*Activity*: Only the count should appear in your answer: how many lines of the data below contain the word "dots"?

*Provided records*:
lemma linrec_conv:
  assumes "f \<in> linrec" "g \<in> linrec"
  shows "conv f g \<in> linrec"
proof -
  obtain F a G b where fa: "eigen_decomp f F a" and gb: "eigen_decomp g G b"
    using assms by (meson linrec_eigen_decomp)
  then have "conv (a c) (b d) \<in> linrec" for c d
    using gen_eigen_subset_linrec conv_gen_eigen unfolding eigen_decomp_def by blast
  then show ?thesis
    using fa gb unfolding conv_eigen_decomp[OF fa gb] eigen_decomp_def
    by (simp add: linrec_sum)
qed

theorem spec_der_conv:
  assumes "f \<in> linrec" "g \<in> linrec"
  shows "spec_der (conv f g) = spec_der f * g 0 + f 0 * spec_der g"
proof -
  obtain F a G b where fa: "eigen_decomp f F a" and gb: "eigen_decomp g G b"
    using assms by (meson linrec_eigen_decomp)
  then have fin: "finite F" "finite G" and ab: "\<forall>c. a c \<in> gen_eigen c" "\<forall>d. b d \<in> gen_eigen d"
    by (simp_all add: eigen_decomp_def)
  then have ab_conv: "conv (a c) (b d) \<in> gen_eigen (c + d)" for c d
    by (simp add: conv_gen_eigen)
  then have ab_linrec: "conv (a c) (b d) \<in> linrec" for c d
    using gen_eigen_subset_linrec by blast
  have "spec_der (conv f g) = (\<Sum>c\<in>F. \<Sum>d\<in>G. spec_der (conv (a c) (b d)))"
    using fin ab_linrec
    by (simp add: conv_eigen_decomp[OF fa gb] spec_der_sum linrec_sum)
  also have "\<dots> = (\<Sum>c\<in>F. \<Sum>d\<in>G. c * a c 0 * b d 0 + a c 0 * (d * b d 0))"
    by (simp add: spec_der_gen_eigen[OF ab_conv] conv_at_0 algebra_simps)
  also have "\<dots> = (\<Sum>c\<in>F. c * a c 0) * (\<Sum>d\<in>G. b d 0) + (\<Sum>c\<in>F. a c 0) * (\<Sum>d\<in>G. d * b d 0)"
    by (simp add: sum.distrib sum_product)
  also have "\<dots> = spec_der f * g 0 + f 0 * spec_der g"
    using fa gb unfolding spec_der_eq[OF fa] spec_der_eq[OF gb]
    by (simp add: eigen_decomp_def sum_fun_apply)
  finally show ?thesis .
qed

section \<open>Powers of the augmentation ideals\<close>

lemma prods_mono: "K \<subseteq> K' \<Longrightarrow> prods K n \<subseteq> prods K' n"
  by (induction n) auto

lemma cpow_in_prods: "x \<in> K \<Longrightarrow> cpow x n \<in> prods K n"
  by (induction n) auto

lemma prods_subset_linrec: "K \<subseteq> linrec \<Longrightarrow> prods K n \<subseteq> linrec"
proof (induction n)
  case 0
  have "eps \<in> linrec" by (rule linrec_finite_support[of 1]) (simp add: eps_def)
  then show ?case by simp
next
  case (Suc n)
  then show ?case by (auto intro!: linrec_conv)
qed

*Result of this task*: 3